▶ _Problem description_: The lines to repeat are those below from the one containing "1))\<^sup>2 \<le> (2" down to the one containing "using count_list_add_count_list_le_length[OF assms(4)]", both included; reproduce them exactly and nothing else.

▶ _Source material_:

text \<open>Composition with a suitable supporting functional almost preserves the norm of an
  operator: first almost attain the norm of T at x, then almost norm T x by some phi.\<close>
lemma norming_composition:
  fixes T :: "'a::real_normed_vector \<Rightarrow>\<^sub>L 'b::real_normed_vector"
  assumes nonempty: "supp_functionals u \<noteq> {}" and "0 \<le> k" "k < numidx u"
    and "0 \<le> a" "a < norm T"
  shows "\<exists>\<phi>\<in>supp_functionals u. k * a < norm (\<phi> o\<^sub>L T)"
proof -
  obtain x where x: "a * norm x < norm (blinfun_apply T x)"
    using blinfun_norm_approx[OF assms(4,5)] by blast
  moreover have "0 \<le> a * norm x" using assms(4) by simp
  ultimately have Tx0: "blinfun_apply T x \<noteq> 0" by auto
  then have x0: "x \<noteq> 0" by auto
  obtain \<phi> where \<phi>: "\<phi> \<in> supp_functionals u"
    and Tx: "k * norm (blinfun_apply T x) < \<bar>blinfun_apply \<phi> (blinfun_apply T x)\<bar>"
    using numidx_approx[OF nonempty Tx0 assms(3)] by blast
  have "k * a * norm x \<le> k * norm (blinfun_apply T x)"
    using x \<open>0 \<le> k\<close> by (simp add: mult.assoc mult_left_mono)
  also have "\<dots> < \<bar>blinfun_apply (\<phi> o\<^sub>L T) x\<bar>" using Tx by simp
  also have "\<dots> \<le> norm (\<phi> o\<^sub>L T) * norm x" using norm_blinfun[of "\<phi> o\<^sub>L T" x] by simp
  finally have "k * a * norm x < norm (\<phi> o\<^sub>L T) * norm x" .
  then have "k * a < norm (\<phi> o\<^sub>L T)" using x0 by (simp add: mult_less_cancel_right)
  then show ?thesis using \<phi> by blast
qed
text \<open>\<open>twisted_d phi\<close> is \<open>ext_d (hat_partial phi)\<close> in each power-series degree, and the
  ordinary exterior derivative of polynomial-valued forms is \<open>ext_d poly_deriv\<close>.\<close>

definition ext_d :: "('n::{finite,linorder} \<Rightarrow> 'v \<Rightarrow> 'v::ab_group_add) \<Rightarrow> ('n set \<Rightarrow> 'v)
    \<Rightarrow> 'n set \<Rightarrow> 'v" where
  "ext_d D F J = (\<Sum>j\<in>UNIV. wedge_dx j (\<lambda>I. D j (F I)) J)"

lemma ext_d_ext_d:
  fixes D :: "'n::{finite,linorder} \<Rightarrow> 'v \<Rightarrow> 'v::ab_group_add"
  assumes add: "\<And>j x y. D j (x + y) = D j x + D j y"
    and commute: "\<And>j k x. D j (D k x) = D k (D j x)"
  shows "ext_d D (ext_d D F) = 0"
proof
  fix J
  define A where "A j k = wedge_dx j (\<lambda>I. wedge_dx k (\<lambda>I'. D j (D k (F I'))) I) J" for j k
  have zero: "D j 0 = 0" for j
    using add[of j 0 0] by simp
  have uminus: "D j (- x) = - D j x" for j x
    using add[of j x "- x"] by (simp add: zero minus_unique)
  have sum: "D j (sum f S) = (\<Sum>k\<in>S. D j (f k))" for j f and S :: "'n set"
    using sum_comp_morphism[of "D j" f S] by (simp add: zero add o_def)
  have wedge: "D j (wedge_dx k G I) = wedge_dx k (\<lambda>I'. D j (G I')) I" for j k :: 'n and G I
    unfolding wedge_dx_def by (simp add: zero uminus)
  have "ext_d D (ext_d D F) J = (\<Sum>j\<in>UNIV. \<Sum>k\<in>UNIV. A j k)"
    unfolding ext_d_def A_def by (simp only: sum wedge wedge_dx_sum)
  also have "\<dots> = 0"
  proof (rule sum_sum_skew_eq_0)
    show "A j k = - A k j" for j k
      unfolding A_def by (subst wedge_dx_anticommute) (simp only: commute)
  qed (simp_all add: A_def wedge_dx_wedge_dx_same)
  finally show "ext_d D (ext_d D F) J = 0 J" by simp
qed

lemma Phi_map_ext_d:
  assumes conj: "\<And>j w. fin_supp w \<Longrightarrow>
      fin_supp (D j w) \<and> Phi_map phi (D j w) = E j (Phi_map phi w)"
    and F: "\<And>I. fin_supp (F I)"
  shows "fin_supp (ext_d D F J) \<and>
    Phi_map phi (ext_d D F J) = ext_d E (\<lambda>I. Phi_map phi (F I)) J"
proof
  have terms: "fin_supp (wedge_dx j (\<lambda>I. D j (F I)) J)" for j
    using conj[OF F] by (intro fin_supp_wedge_dx) blast
  then show "fin_supp (ext_d D F J)"
    unfolding ext_d_def by (intro fin_supp_sum)
  show "Phi_map phi (ext_d D F J) = ext_d E (\<lambda>I. Phi_map phi (F I)) J"
    unfolding ext_d_def
    by (simp only: Phi_map_sum[OF terms] Phi_map_wedge_dx conj[OF F, THEN conjunct2])
qed

lemma twisted_d_eq_ext_d: "twisted_d phi F J \<beta> = ext_d (hat_partial phi) (\<lambda>I. F I \<beta>) J"
  unfolding twisted_d_def ext_d_def ..

theorem theorem3p4:
  fixes c :: "'n::{finite,linorder} \<Rightarrow> 'n \<Rightarrow> 'n \<Rightarrow> 'k::field_char_0"
    and phi :: "'n \<Rightarrow> 'n \<Rightarrow> ('n \<Rightarrow> nat) \<Rightarrow> 'k"
  assumes lie: "lie_structure_constants c"
    and hom: "lie_hom_into_der c phi"
    and ident: "\<forall>i j. phi j i 0 = (if j = i then 1 else 0)"
    and xi_inj: "\<forall>w. fin_supp w \<longrightarrow> (Phi_map phi w = 0 \<longleftrightarrow> w \<in> UIdeal c)"
    and xi_surj: "\<forall>f. fin_supp f \<longrightarrow> (\<exists>w. fin_supp w \<and> Phi_map phi w = f)"
  shows "\<forall>F. (\<forall>J \<beta>. fin_supp (F J \<beta>)) \<longrightarrow>
           (\<forall>J \<beta>. twisted_d phi (twisted_d phi F) J \<beta> \<in> UIdeal c)"
proof (intro allI impI)
  fix F :: "'n set \<Rightarrow> ('n \<Rightarrow> nat) \<Rightarrow> 'n list \<Rightarrow> 'k" and J \<beta>
  assume F: "\<forall>J \<beta>. fin_supp (F J \<beta>)"
  note conj = hat_partial_conj[OF xi_surj]
  define P where "P I = Phi_map phi (F I \<beta>)" for I
  have dF: "fin_supp (twisted_d phi F I \<beta>) \<and>
      Phi_map phi (twisted_d phi F I \<beta>) = ext_d poly_deriv P I" for I
    unfolding twisted_d_eq_ext_d P_def by (intro Phi_map_ext_d conj) (use F in blast)
  have "fin_supp (twisted_d phi (twisted_d phi F) J \<beta>) \<and>
      Phi_map phi (twisted_d phi (twisted_d phi F) J \<beta>)
        = ext_d poly_deriv (\<lambda>I. Phi_map phi (twisted_d phi F I \<beta>)) J"
    unfolding twisted_d_eq_ext_d[of _ "twisted_d phi F"] by (intro Phi_map_ext_d conj) (use dF in blast)
  then have "fin_supp (twisted_d phi (twisted_d phi F) J \<beta>) \<and>
      Phi_map phi (twisted_d phi (twisted_d phi F) J \<beta>) = ext_d poly_deriv (ext_d poly_deriv P) J"
    using dF by simp
  moreover have "ext_d poly_deriv (ext_d poly_deriv P) = 0"
    by (rule ext_d_ext_d) (simp_all add: poly_deriv_add poly_deriv_commute)
  ultimately show "twisted_d phi (twisted_d phi F) J \<beta> \<in> UIdeal c"
    using xi_inj by auto
qed

end
lemma solution_extends_by_lift:
  assumes T: "\<forall>t\<in>T. wf_term G t" and w: "\<forall>y. wf_term G (w y)"
    and lift: "\<forall>t\<in>T. cls G S (subst (case_sum Var w) t) = \<one>\<^bsub>coord_group G S\<^esub>"
    and U: "is_solution G S U"
  shows "is_solution G (union_sys S T) (case_sum U (\<lambda>y. geval G id U (w y)))"
proof -
  have "wf_term G (subst (case_sum Var w) t)" if "t \<in> T" for t
    using that T w by (auto intro: wf_term_subst split: sum.split)
  then have "geval G id U (subst (case_sum Var w) t) = \<one>" if "t \<in> T" for t
    using that lift U by (simp add: cls_eq_one_iff)
  then have "geval G id (case_sum U (\<lambda>y. geval G id U (w y))) t = \<one>" if "t \<in> T" for t
    using that by (simp add: geval_subst)
  then show ?thesis
    using U w by (simp add: is_solution_union_sys_iff comp_def geval_solution_closed)
qed

lemma compatible_if_admits_lift:
  assumes T: "\<forall>t\<in>T. wf_term G t" and "admits_lift G S T"
  shows "compatible G S T"
  unfolding compatible_def
proof (intro allI impI)
  fix U assume U: "is_solution G S U"
  obtain w where w: "\<forall>y. wf_term G (w y)"
    and lift: "\<forall>t\<in>T. cls G S (subst (case_sum Var w) t) = \<one>\<^bsub>coord_group G S\<^esub>"
    using assms admits_lift_iff by blast
  from solution_extends_by_lift[OF T w lift U]
  show "\<exists>V. (\<forall>y. V y \<in> carrier G) \<and> (\<forall>t\<in>T. geval G id (case_sum U V) t = \<one>)"
    unfolding is_solution_union_sys_iff by auto
qed

lemma retraction_if_admits_lift:
  assumes T: "\<forall>t\<in>T. wf_term G t" and "admits_lift G S T"
  shows "\<exists>\<phi>\<in>hom (coord_group G (union_sys S T)) (coord_group G S).
           \<forall>A\<in>carrier (coord_group G S). \<phi> (canon_map G S T A) = A"
proof -
  obtain w where w: "\<forall>y. wf_term G (w y)"
    and lift: "\<forall>t\<in>T. cls G S (subst (case_sum Var w) t) = \<one>\<^bsub>coord_group G S\<^esub>"
    using assms admits_lift_iff by blast
  let ?f = "case_sum Var w"
  have f: "\<And>z. wf_term G (?f z)"
    using w by (simp split: sum.split)
  have pullback: "is_solution G (union_sys S T) (\<lambda>z. geval G id U (?f z))"
    if "is_solution G S U" for U
    using solution_extends_by_lift[OF T w lift that] by simp
  have "induced_map G (union_sys S T) S ?f (canon_map G S T A) = A"
    if A: "A \<in> carrier (coord_group G S)" for A
  proof -
    obtain a where "wf_term G a" "A = cls G S a"
      using A by (rule coord_group_elemE)
    then show ?thesis
      by (simp add: canon_map_cls induced_map_cls[OF pullback f] wf_term_subst subst_subst)
  qed
  then show ?thesis
    using induced_map_hom[OF pullback f] by blast
qed

lemma admits_lift_if_retraction:
  assumes T: "\<forall>t\<in>T. wf_term G t"
    and \<phi>: "\<phi> \<in> hom (coord_group G (union_sys S T)) (coord_group G S)"
    and retraction: "\<forall>A\<in>carrier (coord_group G S). \<phi> (canon_map G S T A) = A"
  shows "admits_lift G S T"
proof -
  let ?S' = "union_sys S T"
  have "\<forall>y. \<exists>t. wf_term G t \<and> \<phi> (cls G ?S' (Var (Inr y))) = cls G S t"
    using \<phi> by (metis coord_group_elemE hom_in_carrier cls_in_carrier wf_term.simps(2))
  then obtain w where w: "\<forall>y. wf_term G (w y)"
    and w_image: "\<And>y. \<phi> (cls G ?S' (Var (Inr y))) = cls G S (w y)"
    by metis
  have fixes_X: "\<phi> (cls G ?S' (subst (Var \<circ> Inl) a)) = cls G S a" if "wf_term G a" for a
    using that retraction by (simp add: canon_map_cls[symmetric] cls_in_carrier)
  have "\<phi> (cls G ?S' t) = cls G S (subst (case_sum Var w) t)" if "wf_term G t" for t
  proof (rule hom_coord_group_cls_subst[OF \<phi>])
    show "\<phi> (cls G ?S' (Const g)) = cls G S (Const g)" if "g \<in> carrier G" for g
      using fixes_X[of "Const g"] that by simp
    show "\<phi> (cls G ?S' (Var z)) = cls G S (case_sum Var w z)" for z
      using fixes_X[of "Var x" for x] w_image by (cases z) simp_all
  qed (use w that in \<open>simp_all split: sum.split\<close>)
  moreover have "\<phi> (cls G ?S' t) = \<one>\<^bsub>coord_group G S\<^esub>" if "t \<in> T" for t
  proof -
    interpret \<phi>: group_hom "coord_group G ?S'" "coord_group G S" \<phi>
      using \<phi> by (simp add: group_hom_def group_hom_axioms_def group_coord_group)
    have "cls G ?S' t = \<one>\<^bsub>coord_group G ?S'\<^esub>"
      using that T by (simp add: cls_eq_one_iff is_solution_def union_sys_def)
    then show ?thesis by simp
  qed
  ultimately have "\<forall>t\<in>T. cls G S (subst (case_sum Var w) t) = \<one>\<^bsub>coord_group G S\<^esub>"
    using T by auto
  with w show ?thesis
    using admits_lift_iff[OF T] by blast
qed

end

theorem mainTheorem9:
  fixes G :: "('g, 'b) monoid_scheme"
    and S :: "('g, 'x) gterm set"
    and T :: "('g, 'x + 'y) gterm set"
  assumes "group G"
    and "\<forall>s\<in>S. wf_term G s"
    and "\<forall>t\<in>T. wf_term G t"
    and "\<exists>U. is_solution G S U"
  shows "(compatible G S T \<and> admits_lift G S T) \<longleftrightarrow>
         (canon_map G S T \<in> hom (coord_group G S) (coord_group G (union_sys S T)) \<and>
          inj_on (canon_map G S T) (carrier (coord_group G S)) \<and>
          (\<exists>\<phi> \<in> hom (coord_group G (union_sys S T)) (coord_group G S).
             \<forall>A \<in> carrier (coord_group G S). \<phi> (canon_map G S T A) = A))"
proof -
  interpret group G by fact
  show ?thesis
  proof
    assume "compatible G S T \<and> admits_lift G S T"
    then obtain \<phi> where \<phi>: "\<phi> \<in> hom (coord_group G (union_sys S T)) (coord_group G S)"
      and retraction: "\<forall>A\<in>carrier (coord_group G S). \<phi> (canon_map G S T A) = A"
      using retraction_if_admits_lift[OF assms(3)] by blast
    have "inj_on (canon_map G S T) (carrier (coord_group G S))"
      by (rule inj_on_inverseI[where g = \<phi>]) (simp add: retraction)
    with \<phi> retraction show "canon_map G S T \<in> hom (coord_group G S) (coord_group G (union_sys S T)) \<and>
        inj_on (canon_map G S T) (carrier (coord_group G S)) \<and>
        (\<exists>\<phi> \<in> hom (coord_group G (union_sys S T)) (coord_group G S).
           \<forall>A \<in> carrier (coord_group G S). \<phi> (canon_map G S T A) = A)"
      using canon_map_hom by blast
  next
    assume "canon_map G S T \<in> hom (coord_group G S) (coord_group G (union_sys S T)) \<and>
        inj_on (canon_map G S T) (carrier (coord_group G S)) \<and>
        (\<exists>\<phi> \<in> hom (coord_group G (union_sys S T)) (coord_group G S).
           \<forall>A \<in> carrier (coord_group G S). \<phi> (canon_map G S T A) = A)"
    then have "admits_lift G S T"
      using admits_lift_if_retraction[OF assms(3)] by blast
    with compatible_if_admits_lift[OF assms(3)] show "compatible G S T \<and> admits_lift G S T"
      by blast
  qed
qed

end
(* Let $\Omega\subset\mathbb R^d$ be a bounded Borel set, $f:\Omega\to[0,\infty)$ bounded with $\int_\Omega f=1$, $p\ge1$, $x_1,x_2\in\Omega$, and $h_1,h_2:[0,1]\to[0,\infty)$ non-decreasing and Lipschitz continuous. For $\rho\in(0,1)$ and any Borel $\psi_0:\Omega\to[0,1]$, define recursively for $j\ge0$: $m_j=\int_\Omega(1-\psi_j)f\,dx$, $t_{j+1}=h_2(1-m_j)-h_1(m_j)$, and $$\psi_{j+1}(x)=\begin{cases}\rho\,\psi_j(x)&\text{if }\tau(x)<t_{j+1},\\ 1-\rho(1-\psi_j(x))&\text{otherwise.}\end{cases}$$ Then there exists $\bar\rho\in(0,1)$ (depending only on $\Omega,f,p,x_1,x_2,h_1,h_2$) such that, for every $\rho\in(\bar\rho,1)$ and every $\psi_0$, $\psi_j\to\bar\psi$ uniformly on every compact subset of $\Omega\setminus\{\tau=\bar t\}$.
   Context: $\tau(x)=|x-x_1|^p-|x-x_2|^p$, $m(t)=\int_{\{x\in\Omega:\tau(x)<t\}}f\,dx$, $G(t)=h_2(1-m(t))-h_1(m(t))$. There is a unique $\bar t\in\mathbb R$ with $G(\bar t)=\bar t$, and $\bar\psi(x)=0$ if $\tau(x)<\bar t$, $\bar\psi(x)=1$ if $\tau(x)>\bar t$ (this encodes the unique equilibrium $A_1=\{\tau<\bar t\}$, $A_2=\{\tau>\bar t\}$). $\psi_j(x)\in[0,1]$ is the fraction of citizens at $x$ going to $x_2$ on day $j$. *)

theory Defs
  imports "HOL-Analysis.Analysis"
begin

definition tau :: "real \<Rightarrow> 'a::euclidean_space \<Rightarrow> 'a \<Rightarrow> 'a \<Rightarrow> real" where
  "tau p x1 x2 x = norm (x - x1) powr p - norm (x - x2) powr p"

definition mfun :: "'a::euclidean_space set \<Rightarrow> ('a \<Rightarrow> real) \<Rightarrow> real \<Rightarrow> 'a \<Rightarrow> 'a \<Rightarrow> real \<Rightarrow> real" where
  "mfun \<Omega> f p x1 x2 t = integral {x \<in> \<Omega>. tau p x1 x2 x < t} f"

definition Gfun :: "'a::euclidean_space set \<Rightarrow> ('a \<Rightarrow> real) \<Rightarrow> real \<Rightarrow> 'a \<Rightarrow> 'a
    \<Rightarrow> (real \<Rightarrow> real) \<Rightarrow> (real \<Rightarrow> real) \<Rightarrow> real \<Rightarrow> real" where
  "Gfun \<Omega> f p x1 x2 h1 h2 t = h2 (1 - mfun \<Omega> f p x1 x2 t) - h1 (mfun \<Omega> f p x1 x2 t)"

definition tbar :: "'a::euclidean_space set \<Rightarrow> ('a \<Rightarrow> real) \<Rightarrow> real \<Rightarrow> 'a \<Rightarrow> 'a
    \<Rightarrow> (real \<Rightarrow> real) \<Rightarrow> (real \<Rightarrow> real) \<Rightarrow> real" where
  "tbar \<Omega> f p x1 x2 h1 h2 = (THE t. Gfun \<Omega> f p x1 x2 h1 h2 t = t)"

text \<open>psi-bar: 0 where tau < t-bar, 1 where tau > t-bar (value on {tau = t-bar} irrelevant;
  we set it to 1).\<close>
definition psibar :: "'a::euclidean_space set \<Rightarrow> ('a \<Rightarrow> real) \<Rightarrow> real \<Rightarrow> 'a \<Rightarrow> 'a
    \<Rightarrow> (real \<Rightarrow> real) \<Rightarrow> (real \<Rightarrow> real) \<Rightarrow> 'a \<Rightarrow> real" where
  "psibar \<Omega> f p x1 x2 h1 h2 x =
     (if tau p x1 x2 x < tbar \<Omega> f p x1 x2 h1 h2 then 0 else 1)"

fun psi_seq :: "'a::euclidean_space set \<Rightarrow> ('a \<Rightarrow> real) \<Rightarrow> real \<Rightarrow> 'a \<Rightarrow> 'a
    \<Rightarrow> (real \<Rightarrow> real) \<Rightarrow> (real \<Rightarrow> real) \<Rightarrow> real \<Rightarrow> ('a \<Rightarrow> real) \<Rightarrow> nat \<Rightarrow> 'a \<Rightarrow> real" where
  "psi_seq \<Omega> f p x1 x2 h1 h2 \<rho> \<psi>0 0 = \<psi>0"
| "psi_seq \<Omega> f p x1 x2 h1 h2 \<rho> \<psi>0 (Suc j) =
     (let \<psi> = psi_seq \<Omega> f p x1 x2 h1 h2 \<rho> \<psi>0 j;
          m = integral \<Omega> (\<lambda>x. (1 - \<psi> x) * f x);
          t = h2 (1 - m) - h1 m
      in (\<lambda>x. if tau p x1 x2 x < t then \<rho> * \<psi> x else 1 - \<rho> * (1 - \<psi> x)))"
lemma central_binomial_le_sqrt: "real (m choose (m div 2)) \<le> 2 ^ m / sqrt (real m + 1)"
proof -
  have "(real (m choose (m div 2)) * sqrt (real m + 1))\<^sup>2 = real ((m choose (m div 2))\<^sup>2 * (m + 1))"
    by (simp add: power_mult_distrib algebra_simps)
  also have "\<dots> \<le> 4 ^ m"
    using central_binomial_bound[of m] by (metis of_nat_le_iff of_nat_numeral of_nat_power)
  also have "(4::real) ^ m = (2 ^ m)\<^sup>2"
    by (simp add: power2_eq_square flip: power_mult_distrib)
  finally have "(real (m choose (m div 2)) * sqrt (real m + 1))\<^sup>2 \<le> (2 ^ m)\<^sup>2" .
  then have "real (m choose (m div 2)) * sqrt (real m + 1) \<le> 2 ^ m"
    by (rule power2_le_imp_le) simp
  then show ?thesis
    by (simp add: field_simps)
qed

lemma count_list_add_count_list_le_length:
  "x \<noteq> y \<Longrightarrow> count_list xs x + count_list xs y \<le> length xs"
  by (induction xs) auto

lemma card_words_count_diff_le:
  assumes "finite A" "i \<in> A" "j \<in> A" "i \<noteq> j"
  shows "card {xs \<in> words A t. int (count_list xs i) - int (count_list xs j) = k}
    \<le> (\<Sum>m\<le>t. (t choose m) * (m choose (m div 2)) * (card A - 2) ^ (t - m))"
proof -
  let ?D = "{xs \<in> words A t. int (count_list xs i) - int (count_list xs j) = k}"
  let ?E = "\<lambda>m. {xs \<in> ?D. count_list xs i + count_list xs j = m}"
  have fin: "finite (?E m)" for m
    using finite_words[OF assms(1)] by simp
  have card_E: "card (?E m) \<le> (t choose m) * (m choose (m div 2)) * (card A - 2) ^ (t - m)" for m
  proof (cases "?E m = {}")
    case True
    then show ?thesis by (subst True) simp
  next
    case False
    then obtain ys where ys: "ys \<in> ?E m" by blast
    \<comment> \<open>the sum and the difference of the two counts determine both of them\<close>
    have "?E m \<subseteq>
        {xs \<in> words A t. count_list xs i = count_list ys i \<and> count_list xs j = count_list ys j}"
      using ys by auto
    then have "card (?E m) \<le> words_with_counts (card A - 2) t (count_list ys i) (count_list ys j)"
      using card_mono[OF _ \<open>?E m \<subseteq> _\<close>] finite_words[OF assms(1)]
      by (simp add: card_words_with_counts[OF assms])
    also have "\<dots> \<le> (t choose m) * (m choose (m div 2)) * (card A - 2) ^ (t - m)"
      using ys by (auto simp: words_with_counts_def intro: binomial_maximum)
    finally show ?thesis .
  qed
  have "?D \<subseteq> (\<Union>m\<le>t. ?E m)"
    using count_list_add_count_list_le_length[OF assms(4)] by (auto simp: words_def)
  then have "card ?D \<le> card (\<Union>m\<le>t. ?E m)"
    by (rule card_mono[rotated]) (use fin in auto)
  also have "\<dots> \<le> (\<Sum>m\<le>t. card (?E m))"
    by (rule card_UN_le) simp
  also have "\<dots> \<le> (\<Sum>m\<le>t. (t choose m) * (m choose (m div 2)) * (card A - 2) ^ (t - m))"
    by (rule sum_mono) (rule card_E)
  finally show ?thesis .
qed

definition close_counts :: "nat \<Rightarrow> 'a set \<Rightarrow> 'a list \<Rightarrow> bool" where
  "close_counts K A xs \<longleftrightarrow>
    (\<exists>i\<in>A. \<exists>j\<in>A. i \<noteq> j \<and> \<bar>int (count_list xs i) - int (count_list xs j)\<bar> \<le> int K)"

▶ _Answer to the problem_:
  finally have "(real (m choose (m div 2)) * sqrt (real m + 1))\<^sup>2 \<le> (2 ^ m)\<^sup>2" .
  then have "real (m choose (m div 2)) * sqrt (real m + 1) \<le> 2 ^ m"
    by (rule power2_le_imp_le) simp
  then show ?thesis
    by (simp add: field_simps)
qed

lemma count_list_add_count_list_le_length:
  "x \<noteq> y \<Longrightarrow> count_list xs x + count_list xs y \<le> length xs"
  by (induction xs) auto

lemma card_words_count_diff_le:
  assumes "finite A" "i \<in> A" "j \<in> A" "i \<noteq> j"
  shows "card {xs \<in> words A t. int (count_list xs i) - int (count_list xs j) = k}
    \<le> (\<Sum>m\<le>t. (t choose m) * (m choose (m div 2)) * (card A - 2) ^ (t - m))"
proof -
  let ?D = "{xs \<in> words A t. int (count_list xs i) - int (count_list xs j) = k}"
  let ?E = "\<lambda>m. {xs \<in> ?D. count_list xs i + count_list xs j = m}"
  have fin: "finite (?E m)" for m
    using finite_words[OF assms(1)] by simp
  have card_E: "card (?E m) \<le> (t choose m) * (m choose (m div 2)) * (card A - 2) ^ (t - m)" for m
  proof (cases "?E m = {}")
    case True
    then show ?thesis by (subst True) simp
  next
    case False
    then obtain ys where ys: "ys \<in> ?E m" by blast
    \<comment> \<open>the sum and the difference of the two counts determine both of them\<close>
    have "?E m \<subseteq>
        {xs \<in> words A t. count_list xs i = count_list ys i \<and> count_list xs j = count_list ys j}"
      using ys by auto
    then have "card (?E m) \<le> words_with_counts (card A - 2) t (count_list ys i) (count_list ys j)"
      using card_mono[OF _ \<open>?E m \<subseteq> _\<close>] finite_words[OF assms(1)]
      by (simp add: card_words_with_counts[OF assms])
    also have "\<dots> \<le> (t choose m) * (m choose (m div 2)) * (card A - 2) ^ (t - m)"
      using ys by (auto simp: words_with_counts_def intro: binomial_maximum)
    finally show ?thesis .
  qed
  have "?D \<subseteq> (\<Union>m\<le>t. ?E m)"
    using count_list_add_count_list_le_length[OF assms(4)] by (auto simp: words_def)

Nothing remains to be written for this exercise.